A verbatim reproduction of the lines below, from the line containing "using hom_dom_ob[OF cat" through the line containing "using square shift_id[OF", both ends included, is the whole required output.

====================

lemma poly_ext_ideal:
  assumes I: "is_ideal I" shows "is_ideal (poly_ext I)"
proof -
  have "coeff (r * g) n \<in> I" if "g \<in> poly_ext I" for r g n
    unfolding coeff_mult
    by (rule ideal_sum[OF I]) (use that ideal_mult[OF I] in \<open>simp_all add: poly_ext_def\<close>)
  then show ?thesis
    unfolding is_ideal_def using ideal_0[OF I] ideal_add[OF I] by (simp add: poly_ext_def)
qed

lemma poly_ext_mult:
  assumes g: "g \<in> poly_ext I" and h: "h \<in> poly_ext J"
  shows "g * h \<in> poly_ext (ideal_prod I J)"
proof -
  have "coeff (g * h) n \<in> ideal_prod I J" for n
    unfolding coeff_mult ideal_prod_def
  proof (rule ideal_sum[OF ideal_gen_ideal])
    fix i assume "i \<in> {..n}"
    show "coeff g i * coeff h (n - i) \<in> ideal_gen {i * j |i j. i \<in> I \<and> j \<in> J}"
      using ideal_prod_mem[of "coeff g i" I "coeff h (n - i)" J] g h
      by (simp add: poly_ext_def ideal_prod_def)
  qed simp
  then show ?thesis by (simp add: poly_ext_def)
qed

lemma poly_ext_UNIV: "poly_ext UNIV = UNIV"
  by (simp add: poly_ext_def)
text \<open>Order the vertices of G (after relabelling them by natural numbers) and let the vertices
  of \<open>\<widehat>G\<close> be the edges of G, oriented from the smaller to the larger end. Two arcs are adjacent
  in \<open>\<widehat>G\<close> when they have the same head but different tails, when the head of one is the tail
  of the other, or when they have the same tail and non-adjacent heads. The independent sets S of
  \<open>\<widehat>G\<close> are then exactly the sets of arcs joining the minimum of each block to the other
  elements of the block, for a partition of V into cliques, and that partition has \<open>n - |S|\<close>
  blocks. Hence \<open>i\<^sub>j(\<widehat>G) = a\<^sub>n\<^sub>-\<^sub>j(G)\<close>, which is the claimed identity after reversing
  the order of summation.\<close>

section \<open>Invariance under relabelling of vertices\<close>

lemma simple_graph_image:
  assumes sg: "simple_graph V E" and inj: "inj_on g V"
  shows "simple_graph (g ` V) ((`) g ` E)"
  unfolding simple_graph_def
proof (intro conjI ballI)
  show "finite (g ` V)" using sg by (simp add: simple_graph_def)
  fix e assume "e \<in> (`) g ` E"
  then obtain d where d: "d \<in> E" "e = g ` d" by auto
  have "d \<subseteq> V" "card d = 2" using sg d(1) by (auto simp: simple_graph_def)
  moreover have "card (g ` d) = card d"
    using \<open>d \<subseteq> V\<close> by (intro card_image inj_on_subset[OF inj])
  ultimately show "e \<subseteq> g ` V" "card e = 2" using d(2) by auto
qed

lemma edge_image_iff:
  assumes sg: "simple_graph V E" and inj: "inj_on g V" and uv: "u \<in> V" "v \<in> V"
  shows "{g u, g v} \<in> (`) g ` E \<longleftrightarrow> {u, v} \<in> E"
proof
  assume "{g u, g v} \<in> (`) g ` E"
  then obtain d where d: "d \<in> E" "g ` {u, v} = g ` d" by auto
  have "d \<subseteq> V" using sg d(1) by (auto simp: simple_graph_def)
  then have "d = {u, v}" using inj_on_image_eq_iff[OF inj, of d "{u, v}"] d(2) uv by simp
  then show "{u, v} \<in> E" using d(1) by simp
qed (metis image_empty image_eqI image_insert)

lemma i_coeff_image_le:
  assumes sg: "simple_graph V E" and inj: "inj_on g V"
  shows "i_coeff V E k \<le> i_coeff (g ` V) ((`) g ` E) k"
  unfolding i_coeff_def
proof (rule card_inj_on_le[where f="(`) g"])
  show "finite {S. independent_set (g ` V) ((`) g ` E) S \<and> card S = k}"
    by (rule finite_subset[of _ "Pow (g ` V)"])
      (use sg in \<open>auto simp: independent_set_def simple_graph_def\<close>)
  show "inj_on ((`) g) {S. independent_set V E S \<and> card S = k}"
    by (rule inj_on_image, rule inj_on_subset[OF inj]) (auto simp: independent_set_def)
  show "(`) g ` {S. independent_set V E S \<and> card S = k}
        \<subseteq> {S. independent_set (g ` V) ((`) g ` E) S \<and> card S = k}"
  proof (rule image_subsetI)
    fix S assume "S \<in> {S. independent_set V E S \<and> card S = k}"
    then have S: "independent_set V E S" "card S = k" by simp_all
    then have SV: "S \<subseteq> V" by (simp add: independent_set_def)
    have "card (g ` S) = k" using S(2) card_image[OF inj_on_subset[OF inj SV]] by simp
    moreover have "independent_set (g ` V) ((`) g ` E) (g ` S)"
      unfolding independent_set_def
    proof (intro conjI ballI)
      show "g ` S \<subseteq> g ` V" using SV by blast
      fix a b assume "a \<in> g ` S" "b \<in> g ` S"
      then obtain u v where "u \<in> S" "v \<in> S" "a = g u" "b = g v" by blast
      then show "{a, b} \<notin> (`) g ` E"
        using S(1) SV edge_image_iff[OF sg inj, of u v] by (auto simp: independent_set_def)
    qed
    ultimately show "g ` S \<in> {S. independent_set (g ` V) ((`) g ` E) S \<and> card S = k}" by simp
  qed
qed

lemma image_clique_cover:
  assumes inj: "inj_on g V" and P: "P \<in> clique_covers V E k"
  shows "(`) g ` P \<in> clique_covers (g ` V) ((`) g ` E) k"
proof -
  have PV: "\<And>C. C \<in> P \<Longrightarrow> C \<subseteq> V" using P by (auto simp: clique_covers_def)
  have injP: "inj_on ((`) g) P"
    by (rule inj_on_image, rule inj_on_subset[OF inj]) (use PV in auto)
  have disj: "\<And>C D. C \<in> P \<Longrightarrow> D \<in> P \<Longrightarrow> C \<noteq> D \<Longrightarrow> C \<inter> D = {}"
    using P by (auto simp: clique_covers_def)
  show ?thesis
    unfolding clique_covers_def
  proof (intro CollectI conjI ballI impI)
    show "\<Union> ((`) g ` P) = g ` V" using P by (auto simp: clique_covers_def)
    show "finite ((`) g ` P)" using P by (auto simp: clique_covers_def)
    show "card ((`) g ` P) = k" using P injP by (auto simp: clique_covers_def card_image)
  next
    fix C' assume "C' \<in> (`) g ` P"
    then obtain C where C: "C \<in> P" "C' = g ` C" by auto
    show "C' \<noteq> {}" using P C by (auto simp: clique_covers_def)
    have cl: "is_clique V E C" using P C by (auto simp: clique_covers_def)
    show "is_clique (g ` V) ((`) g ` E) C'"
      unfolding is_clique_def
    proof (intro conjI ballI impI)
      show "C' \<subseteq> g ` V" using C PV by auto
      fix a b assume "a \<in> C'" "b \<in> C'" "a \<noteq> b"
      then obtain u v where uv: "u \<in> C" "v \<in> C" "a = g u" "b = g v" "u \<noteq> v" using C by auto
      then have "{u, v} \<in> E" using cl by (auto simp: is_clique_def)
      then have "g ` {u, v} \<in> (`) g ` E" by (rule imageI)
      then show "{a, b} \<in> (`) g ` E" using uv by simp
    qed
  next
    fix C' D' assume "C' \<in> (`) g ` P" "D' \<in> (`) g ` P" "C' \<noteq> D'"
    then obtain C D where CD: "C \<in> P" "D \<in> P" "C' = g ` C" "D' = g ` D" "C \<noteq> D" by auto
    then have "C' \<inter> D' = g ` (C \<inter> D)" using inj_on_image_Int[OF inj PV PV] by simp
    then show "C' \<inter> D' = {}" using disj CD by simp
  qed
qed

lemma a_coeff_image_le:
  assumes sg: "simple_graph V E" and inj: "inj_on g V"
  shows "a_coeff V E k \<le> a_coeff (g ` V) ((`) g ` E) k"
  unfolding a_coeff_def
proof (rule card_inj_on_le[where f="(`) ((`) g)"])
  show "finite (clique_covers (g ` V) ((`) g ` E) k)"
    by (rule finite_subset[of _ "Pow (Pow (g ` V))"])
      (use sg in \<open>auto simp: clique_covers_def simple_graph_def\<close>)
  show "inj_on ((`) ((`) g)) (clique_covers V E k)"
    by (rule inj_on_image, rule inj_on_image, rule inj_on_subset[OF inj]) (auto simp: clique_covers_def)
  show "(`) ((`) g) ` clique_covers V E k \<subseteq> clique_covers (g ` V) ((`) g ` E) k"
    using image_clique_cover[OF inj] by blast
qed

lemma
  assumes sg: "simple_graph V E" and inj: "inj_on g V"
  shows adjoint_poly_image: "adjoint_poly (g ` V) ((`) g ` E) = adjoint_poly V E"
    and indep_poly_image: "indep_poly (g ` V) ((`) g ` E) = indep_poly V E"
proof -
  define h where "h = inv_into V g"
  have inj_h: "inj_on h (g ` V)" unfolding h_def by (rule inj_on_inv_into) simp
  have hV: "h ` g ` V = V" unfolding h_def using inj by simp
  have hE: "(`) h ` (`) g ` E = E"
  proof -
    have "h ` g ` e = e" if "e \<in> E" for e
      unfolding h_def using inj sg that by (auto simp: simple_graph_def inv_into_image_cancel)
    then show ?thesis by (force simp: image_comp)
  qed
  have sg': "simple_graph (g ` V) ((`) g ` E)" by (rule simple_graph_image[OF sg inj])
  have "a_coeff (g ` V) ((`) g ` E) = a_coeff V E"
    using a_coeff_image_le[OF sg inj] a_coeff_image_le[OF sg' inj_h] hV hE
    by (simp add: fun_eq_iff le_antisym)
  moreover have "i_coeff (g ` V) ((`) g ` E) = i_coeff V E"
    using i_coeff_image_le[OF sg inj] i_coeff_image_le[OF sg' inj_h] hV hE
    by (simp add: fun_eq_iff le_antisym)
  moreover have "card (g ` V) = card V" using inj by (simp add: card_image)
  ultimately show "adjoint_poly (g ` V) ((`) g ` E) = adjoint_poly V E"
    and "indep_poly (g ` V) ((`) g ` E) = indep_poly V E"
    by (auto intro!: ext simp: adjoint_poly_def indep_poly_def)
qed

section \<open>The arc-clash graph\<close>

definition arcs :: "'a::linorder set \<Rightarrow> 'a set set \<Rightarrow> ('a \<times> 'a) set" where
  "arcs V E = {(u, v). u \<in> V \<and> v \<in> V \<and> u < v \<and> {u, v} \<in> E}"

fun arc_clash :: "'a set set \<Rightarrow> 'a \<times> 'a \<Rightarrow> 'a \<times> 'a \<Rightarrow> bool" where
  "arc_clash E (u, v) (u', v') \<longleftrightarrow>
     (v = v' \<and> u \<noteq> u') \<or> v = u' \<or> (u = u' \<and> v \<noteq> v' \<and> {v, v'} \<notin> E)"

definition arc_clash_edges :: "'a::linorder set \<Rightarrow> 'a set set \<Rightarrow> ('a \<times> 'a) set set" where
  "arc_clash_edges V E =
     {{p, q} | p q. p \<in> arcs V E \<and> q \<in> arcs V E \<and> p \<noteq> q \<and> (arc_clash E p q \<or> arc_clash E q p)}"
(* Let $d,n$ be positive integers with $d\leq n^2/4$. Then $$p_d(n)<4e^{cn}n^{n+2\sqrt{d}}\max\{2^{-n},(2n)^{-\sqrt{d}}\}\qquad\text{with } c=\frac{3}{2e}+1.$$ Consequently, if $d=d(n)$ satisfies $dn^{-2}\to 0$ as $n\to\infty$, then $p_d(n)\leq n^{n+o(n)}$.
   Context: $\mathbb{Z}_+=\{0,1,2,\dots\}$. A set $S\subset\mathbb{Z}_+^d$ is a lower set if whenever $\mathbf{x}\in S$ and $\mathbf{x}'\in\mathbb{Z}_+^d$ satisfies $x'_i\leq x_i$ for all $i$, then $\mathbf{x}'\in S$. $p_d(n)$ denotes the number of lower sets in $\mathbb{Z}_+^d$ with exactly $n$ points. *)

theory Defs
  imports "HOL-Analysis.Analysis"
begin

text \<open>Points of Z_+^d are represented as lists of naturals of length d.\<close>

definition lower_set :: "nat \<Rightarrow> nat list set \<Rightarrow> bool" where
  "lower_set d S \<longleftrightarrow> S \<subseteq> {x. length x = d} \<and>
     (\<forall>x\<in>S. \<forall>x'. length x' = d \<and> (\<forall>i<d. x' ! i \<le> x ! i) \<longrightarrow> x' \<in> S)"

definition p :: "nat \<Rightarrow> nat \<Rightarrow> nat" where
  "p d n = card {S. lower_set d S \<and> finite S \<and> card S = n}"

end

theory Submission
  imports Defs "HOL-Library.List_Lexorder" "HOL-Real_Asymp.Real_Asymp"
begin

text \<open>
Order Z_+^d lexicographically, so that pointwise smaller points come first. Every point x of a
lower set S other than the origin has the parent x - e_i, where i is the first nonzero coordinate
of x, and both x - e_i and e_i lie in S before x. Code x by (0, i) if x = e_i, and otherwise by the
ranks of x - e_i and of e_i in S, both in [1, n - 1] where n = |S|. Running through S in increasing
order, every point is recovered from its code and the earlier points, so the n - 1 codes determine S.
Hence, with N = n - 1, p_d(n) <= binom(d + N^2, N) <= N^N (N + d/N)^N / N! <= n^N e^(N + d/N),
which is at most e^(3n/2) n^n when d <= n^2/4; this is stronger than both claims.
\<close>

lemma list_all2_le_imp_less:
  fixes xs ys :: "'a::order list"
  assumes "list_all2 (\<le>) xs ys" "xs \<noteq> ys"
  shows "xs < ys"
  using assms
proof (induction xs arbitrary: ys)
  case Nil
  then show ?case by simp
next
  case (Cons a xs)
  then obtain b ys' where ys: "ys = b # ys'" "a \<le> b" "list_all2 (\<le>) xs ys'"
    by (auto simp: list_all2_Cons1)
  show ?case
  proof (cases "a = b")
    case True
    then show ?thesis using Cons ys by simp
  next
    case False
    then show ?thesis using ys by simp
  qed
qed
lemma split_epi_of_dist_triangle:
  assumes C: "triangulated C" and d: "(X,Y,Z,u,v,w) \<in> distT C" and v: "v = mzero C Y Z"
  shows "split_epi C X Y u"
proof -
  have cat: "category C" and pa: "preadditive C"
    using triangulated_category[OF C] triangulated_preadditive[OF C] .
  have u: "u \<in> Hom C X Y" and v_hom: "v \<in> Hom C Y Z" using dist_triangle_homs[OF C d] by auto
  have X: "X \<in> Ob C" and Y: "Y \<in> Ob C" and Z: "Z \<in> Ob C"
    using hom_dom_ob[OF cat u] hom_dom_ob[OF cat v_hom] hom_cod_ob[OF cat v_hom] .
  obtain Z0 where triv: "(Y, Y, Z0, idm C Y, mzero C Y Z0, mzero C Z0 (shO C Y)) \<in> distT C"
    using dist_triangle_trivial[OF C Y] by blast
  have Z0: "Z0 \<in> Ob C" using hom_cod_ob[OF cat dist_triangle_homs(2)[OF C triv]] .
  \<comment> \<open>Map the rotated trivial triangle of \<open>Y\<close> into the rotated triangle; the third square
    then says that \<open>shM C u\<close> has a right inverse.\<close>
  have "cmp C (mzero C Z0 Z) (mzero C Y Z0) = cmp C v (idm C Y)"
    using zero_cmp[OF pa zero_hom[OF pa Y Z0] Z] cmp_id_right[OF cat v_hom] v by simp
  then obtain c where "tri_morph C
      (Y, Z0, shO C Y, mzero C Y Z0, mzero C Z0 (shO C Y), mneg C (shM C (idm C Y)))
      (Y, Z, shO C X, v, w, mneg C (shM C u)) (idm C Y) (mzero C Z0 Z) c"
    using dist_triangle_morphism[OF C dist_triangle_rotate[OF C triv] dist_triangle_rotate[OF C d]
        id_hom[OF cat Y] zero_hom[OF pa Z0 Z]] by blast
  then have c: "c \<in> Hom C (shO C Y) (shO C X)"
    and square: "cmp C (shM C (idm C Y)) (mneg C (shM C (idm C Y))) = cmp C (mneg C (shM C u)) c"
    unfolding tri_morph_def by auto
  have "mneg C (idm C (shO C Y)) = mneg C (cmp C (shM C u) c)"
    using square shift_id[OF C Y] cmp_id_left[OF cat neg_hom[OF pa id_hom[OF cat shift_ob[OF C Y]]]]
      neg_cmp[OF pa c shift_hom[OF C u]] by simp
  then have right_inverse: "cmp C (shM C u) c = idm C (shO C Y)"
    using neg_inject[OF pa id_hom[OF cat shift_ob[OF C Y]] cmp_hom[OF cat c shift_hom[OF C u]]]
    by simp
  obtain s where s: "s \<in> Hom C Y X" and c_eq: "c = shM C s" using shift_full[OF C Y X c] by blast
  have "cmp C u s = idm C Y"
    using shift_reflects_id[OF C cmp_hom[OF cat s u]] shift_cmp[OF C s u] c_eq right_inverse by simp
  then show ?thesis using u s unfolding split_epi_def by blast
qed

====================

Your response =
    using hom_dom_ob[OF cat u] hom_dom_ob[OF cat v_hom] hom_cod_ob[OF cat v_hom] .
  obtain Z0 where triv: "(Y, Y, Z0, idm C Y, mzero C Y Z0, mzero C Z0 (shO C Y)) \<in> distT C"
    using dist_triangle_trivial[OF C Y] by blast
  have Z0: "Z0 \<in> Ob C" using hom_cod_ob[OF cat dist_triangle_homs(2)[OF C triv]] .
  \<comment> \<open>Map the rotated trivial triangle of \<open>Y\<close> into the rotated triangle; the third square
    then says that \<open>shM C u\<close> has a right inverse.\<close>
  have "cmp C (mzero C Z0 Z) (mzero C Y Z0) = cmp C v (idm C Y)"
    using zero_cmp[OF pa zero_hom[OF pa Y Z0] Z] cmp_id_right[OF cat v_hom] v by simp
  then obtain c where "tri_morph C
      (Y, Z0, shO C Y, mzero C Y Z0, mzero C Z0 (shO C Y), mneg C (shM C (idm C Y)))
      (Y, Z, shO C X, v, w, mneg C (shM C u)) (idm C Y) (mzero C Z0 Z) c"
    using dist_triangle_morphism[OF C dist_triangle_rotate[OF C triv] dist_triangle_rotate[OF C d]
        id_hom[OF cat Y] zero_hom[OF pa Z0 Z]] by blast
  then have c: "c \<in> Hom C (shO C Y) (shO C X)"
    and square: "cmp C (shM C (idm C Y)) (mneg C (shM C (idm C Y))) = cmp C (mneg C (shM C u)) c"
    unfolding tri_morph_def by auto
  have "mneg C (idm C (shO C Y)) = mneg C (cmp C (shM C u) c)"
    using square shift_id[OF C Y] cmp_id_left[OF cat neg_hom[OF pa id_hom[OF cat shift_ob[OF C Y]]]]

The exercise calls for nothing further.